Exercise: The lines from the top of the listing through the one containing "ultimately show False" are to be retyped exactly, with no other lines.

>>>>

lemma chordal_inverse:
  assumes "u \<noteq> 0" "v \<noteq> 0"
  shows "chordal (Some (inverse u)) (Some (inverse v)) = chordal (Some u) (Some v)"
proof -
  have sqrt_inverse: "sqrt (1 + (cmod (inverse w))\<^sup>2) = sqrt (1 + (cmod w)\<^sup>2) / cmod w"
    if "w \<noteq> 0" for w
  proof -
    have "1 + (cmod (inverse w))\<^sup>2 = (1 + (cmod w)\<^sup>2) / (cmod w)\<^sup>2"
      using that by (simp add: norm_divide power_divide field_simps)
    then show ?thesis by (simp add: real_sqrt_divide)
  qed
  have "cmod (inverse u - inverse v) = cmod (u - v) / (cmod u * cmod v)"
    using assms by (simp add: inverse_diff_inverse norm_mult norm_inverse norm_minus_commute divide_inverse)
  then show ?thesis
    using assms by (simp add: sqrt_inverse)
qed

lemma chordal_lt_half_imp_norm_lt_2:
  assumes "cmod u \<le> 1" and "chordal (Some u) (Some v) < 1/2"
  shows "cmod v < 2"
proof (rule ccontr)
  assume "\<not> cmod v < 2"
  then have "4 \<le> (cmod v)\<^sup>2"
    using power_mono[of 2 "cmod v" 2] by simp
  then have "3/5 \<le> snd (stereo (Some v))"
    by (simp add: field_simps add_pos_nonneg)
  moreover have "snd (stereo (Some u)) \<le> 0"
    using assms(1) by (simp add: divide_nonpos_pos add_pos_nonneg power_le_one)
  moreover have "snd (stereo (Some v)) - snd (stereo (Some u)) \<le> chordal (Some u) (Some v)"
    unfolding chordal_eq_dist_stereo dist_prod_def
    using real_sqrt_sum_squares_ge2 by (smt (verit) dist_real_def)
  ultimately show False
    using assms(2) by linarith
qed

lemma bounded_holomorphic_lipschitz_half_ball:
  assumes hol: "\<phi> holomorphic_on ball z \<delta>"
    and bounded: "\<And>w. w \<in> ball z \<delta> \<Longrightarrow> cmod (\<phi> w) < M"
    and a: "a \<in> ball z (\<delta>/2)" and b: "b \<in> ball z (\<delta>/2)"
  shows "cmod (\<phi> a - \<phi> b) \<le> 4 * M / \<delta> * cmod (a - b)"
proof (rule field_differentiable_bound[of "ball z (\<delta>/2)" \<phi> "deriv \<phi>"])
  have "\<delta> > 0"
    using a by (metis mem_ball zero_le_dist le_less_trans half_gt_zero_iff)
  fix w assume w: "w \<in> ball z (\<delta>/2)"
  have sub: "cball w (\<delta>/4) \<subseteq> ball z \<delta>"
  proof
    fix y assume "y \<in> cball w (\<delta>/4)"
    then show "y \<in> ball z \<delta>"
      using w \<open>\<delta> > 0\<close> dist_triangle[of z y w] by simp
  qed
  then have "\<phi> field_differentiable (at w)"
    using hol \<open>\<delta> > 0\<close> holomorphic_on_imp_differentiable_at by (simp add: subset_iff)
  then show "(\<phi> has_field_derivative deriv \<phi> w) (at w within ball z (\<delta>/2))"
    using DERIV_deriv_iff_field_differentiable has_field_derivative_at_within by blast
  have "cmod ((deriv ^^ 1) \<phi> w) \<le> fact 1 * M / (\<delta>/4)^1"
  proof (rule Cauchy_higher_deriv_bound)
    show "\<phi> holomorphic_on ball w (\<delta>/4)"
      using hol sub ball_subset_cball holomorphic_on_subset by blast
    show "continuous_on (cball w (\<delta>/4)) \<phi>"
      using hol sub holomorphic_on_imp_continuous_on continuous_on_subset by blast
    show "\<phi> w' \<in> ball 0 M" if "w' \<in> ball w (\<delta>/4)" for w'
      using bounded sub ball_subset_cball that by (force simp: dist_norm)
  qed (use \<open>\<delta> > 0\<close> in auto)
  then show "cmod (deriv \<phi> w) \<le> 4 * M / \<delta>"
    by (simp add: mult.commute)
qed (use a b in auto)

definition sph_osc_less :: "(complex \<Rightarrow> complex) \<Rightarrow> complex set \<Rightarrow> real \<Rightarrow> bool" where
  "sph_osc_less h S e \<longleftrightarrow> (\<forall>a\<in>S. \<forall>b\<in>S. chordal (Some (h a)) (Some (h b)) < e)"

lemma sph_osc_less_subset: "sph_osc_less h S e \<Longrightarrow> T \<subseteq> S \<Longrightarrow> sph_osc_less h T e"
  unfolding sph_osc_less_def by blast

lemma chordal_lipschitz_half_ball_if_sph_osc_less:
  assumes hol: "h holomorphic_on ball z \<delta>"
    and osc: "sph_osc_less h (ball z \<delta>) (1/2)"
    and a: "a \<in> ball z (\<delta>/2)" and b: "b \<in> ball z (\<delta>/2)"
  shows "chordal (Some (h a)) (Some (h b)) \<le> 16 / \<delta> * cmod (a - b)"
proof -
  have "\<delta> > 0"
    using a by (metis mem_ball zero_le_dist le_less_trans half_gt_zero_iff)
  then have ab: "a \<in> ball z \<delta>" "b \<in> ball z \<delta>"
    using a b subset_ball[of "\<delta>/2" \<delta> z] by auto
  consider "\<And>w. w \<in> ball z \<delta> \<Longrightarrow> cmod (h w) < 2"
    | "\<And>w. w \<in> ball z \<delta> \<Longrightarrow> 1 < cmod (h w)"
    using osc chordal_lt_half_imp_norm_lt_2 unfolding sph_osc_less_def by (meson not_le)
  then show ?thesis
  proof cases
    case 1
    have "chordal (Some (h a)) (Some (h b)) \<le> 2 * cmod (h a - h b)"
      using chordal_le_dist by (simp add: dist_norm)
    also have "\<dots> \<le> 2 * (4 * 2 / \<delta> * cmod (a - b))"
      using bounded_holomorphic_lipschitz_half_ball[OF hol 1 a b] by simp
    finally show ?thesis by simp
  next
    case 2
    have nonzero: "h w \<noteq> 0" and inverse_bounded: "cmod (inverse (h w)) < 2"
      if "w \<in> ball z \<delta>" for w
      using 2[OF that] by (auto simp: norm_inverse) (smt (verit) inverse_less_1_iff)
    have "chordal (Some (h a)) (Some (h b)) = chordal (Some (inverse (h a))) (Some (inverse (h b)))"
      using chordal_inverse nonzero ab by metis
    also have "\<dots> \<le> 2 * cmod (inverse (h a) - inverse (h b))"
      using chordal_le_dist by (simp add: dist_norm)
    also have "\<dots> \<le> 2 * (4 * 2 / \<delta> * cmod (a - b))"
    proof -
      have "(\<lambda>w. inverse (h w)) holomorphic_on ball z \<delta>"
        using hol nonzero by (intro holomorphic_on_inverse) auto
      then have "cmod (inverse (h a) - inverse (h b)) \<le> 4 * 2 / \<delta> * cmod (a - b)"
        by (rule bounded_holomorphic_lipschitz_half_ball) (use inverse_bounded a b in auto)
      then show ?thesis by simp
    qed
    finally show ?thesis by simp
  qed
qed

lemma sph_unif_conv_on_subset:
  assumes "sph_unif_conv_on F g S" and "T \<subseteq> S"
  shows "sph_unif_conv_on F g T"
  unfolding sph_unif_conv_on_def
proof (intro allI impI)
  fix e :: real assume "e > 0"
  then have "\<forall>\<^sub>F n in sequentially. \<forall>z\<in>S. chordal (Some (F n z)) (g z) < e"
    using assms(1) unfolding sph_unif_conv_on_def by blast
  then show "\<forall>\<^sub>F n in sequentially. \<forall>z\<in>T. chordal (Some (F n z)) (g z) < e"
    by (rule eventually_mono) (use assms(2) in blast)
qed

lemma sph_unif_conv_subseq_if_sph_osc_less:
  fixes h :: "nat \<Rightarrow> complex \<Rightarrow> complex"
  assumes S: "compact S" and "\<delta> > 0"
    and hol: "\<And>n z. z \<in> S \<Longrightarrow> h n holomorphic_on ball z \<delta>"
    and osc: "\<And>n z. z \<in> S \<Longrightarrow> sph_osc_less (h n) (ball z \<delta>) (1/2)"
  shows "\<exists>s g. strict_mono s \<and> sph_unif_conv_on (h \<circ> s) g S"
proof -
  define F where "F n z = stereo (Some (h n z))" for n z
  obtain G s where s: "strict_mono (s :: nat \<Rightarrow> nat)"
    and conv: "\<And>e. 0 < e \<Longrightarrow> \<exists>N. \<forall>n z. n \<ge> N \<and> z \<in> S \<longrightarrow> norm (F (s n) z - G z) < e"
  proof (rule Arzela_Ascoli[OF S, of F 1])
    show "norm (F n z) \<le> 1" for n z
      unfolding F_def norm_stereo by (rule order_refl)
    fix z e assume z: "z \<in> S" and "(0::real) < e"
    define d where "d = min (\<delta>/2) (e * \<delta> / 32)"
    have "norm (F n z - F n y) < e" if "y \<in> S" "norm (z - y) < d" for n y
    proof -
      have "chordal (Some (h n z)) (Some (h n y)) \<le> 16 / \<delta> * cmod (z - y)"
        using that \<open>\<delta> > 0\<close> hol[OF z] osc[OF z]
        by (intro chordal_lipschitz_half_ball_if_sph_osc_less) (auto simp: d_def dist_norm)
      also have "\<dots> \<le> 16 / \<delta> * (e * \<delta> / 32)"
        using that \<open>\<delta> > 0\<close> by (intro mult_left_mono) (auto simp: d_def)
      also have "\<dots> < e"
        using \<open>\<delta> > 0\<close> \<open>e > 0\<close> by simp
      finally show ?thesis
        by (simp add: F_def chordal_eq_dist_stereo dist_norm)
    qed
    moreover have "d > 0"
      using \<open>\<delta> > 0\<close> \<open>e > 0\<close> by (simp add: d_def)
    ultimately show "\<exists>d>0. \<forall>n y. y \<in> S \<and> norm (z - y) < d \<longrightarrow> norm (F n z - F n y) < e"
      by blast
  qed blast
  have "norm (G z) = 1" if "z \<in> S" for z
  proof -
    have "(\<lambda>n. F (s n) z) \<longlonglongrightarrow> G z"
      unfolding LIMSEQ_iff using conv that by meson
    then have "(\<lambda>n. norm (F (s n) z)) \<longlonglongrightarrow> norm (G z)"
      by (rule tendsto_norm)
    then show ?thesis
      unfolding F_def norm_stereo by (simp add: LIMSEQ_const_iff)
  qed
  then have stereo_inv: "stereo (inv stereo (G z)) = G z" if "z \<in> S" for z
    using that stereo_onto_sphere by (simp add: f_inv_into_f)
  have "sph_unif_conv_on (h \<circ> s) (\<lambda>z. inv stereo (G z)) S"
    unfolding sph_unif_conv_on_def eventually_sequentially
  proof (intro allI impI)
    fix e :: real assume "e > 0"
    then obtain N where "\<And>n z. n \<ge> N \<Longrightarrow> z \<in> S \<Longrightarrow> norm (F (s n) z - G z) < e"
      using conv by blast
    then show "\<exists>N. \<forall>n\<ge>N. \<forall>z\<in>S. chordal (Some ((h \<circ> s) n z)) (inv stereo (G z)) < e"
      by (auto simp: chordal_eq_dist_stereo stereo_inv dist_norm F_def simp del: stereo.simps)
  qed
  then show ?thesis
    using s by blast
qed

<<<<

Response to this exercise:
lemma chordal_inverse:
  assumes "u \<noteq> 0" "v \<noteq> 0"
  shows "chordal (Some (inverse u)) (Some (inverse v)) = chordal (Some u) (Some v)"
proof -
  have sqrt_inverse: "sqrt (1 + (cmod (inverse w))\<^sup>2) = sqrt (1 + (cmod w)\<^sup>2) / cmod w"
    if "w \<noteq> 0" for w
  proof -
    have "1 + (cmod (inverse w))\<^sup>2 = (1 + (cmod w)\<^sup>2) / (cmod w)\<^sup>2"
      using that by (simp add: norm_divide power_divide field_simps)
    then show ?thesis by (simp add: real_sqrt_divide)
  qed
  have "cmod (inverse u - inverse v) = cmod (u - v) / (cmod u * cmod v)"
    using assms by (simp add: inverse_diff_inverse norm_mult norm_inverse norm_minus_commute divide_inverse)
  then show ?thesis
    using assms by (simp add: sqrt_inverse)
qed

lemma chordal_lt_half_imp_norm_lt_2:
  assumes "cmod u \<le> 1" and "chordal (Some u) (Some v) < 1/2"
  shows "cmod v < 2"
proof (rule ccontr)
  assume "\<not> cmod v < 2"
  then have "4 \<le> (cmod v)\<^sup>2"
    using power_mono[of 2 "cmod v" 2] by simp
  then have "3/5 \<le> snd (stereo (Some v))"
    by (simp add: field_simps add_pos_nonneg)
  moreover have "snd (stereo (Some u)) \<le> 0"
    using assms(1) by (simp add: divide_nonpos_pos add_pos_nonneg power_le_one)
  moreover have "snd (stereo (Some v)) - snd (stereo (Some u)) \<le> chordal (Some u) (Some v)"
    unfolding chordal_eq_dist_stereo dist_prod_def
    using real_sqrt_sum_squares_ge2 by (smt (verit) dist_real_def)
  ultimately show False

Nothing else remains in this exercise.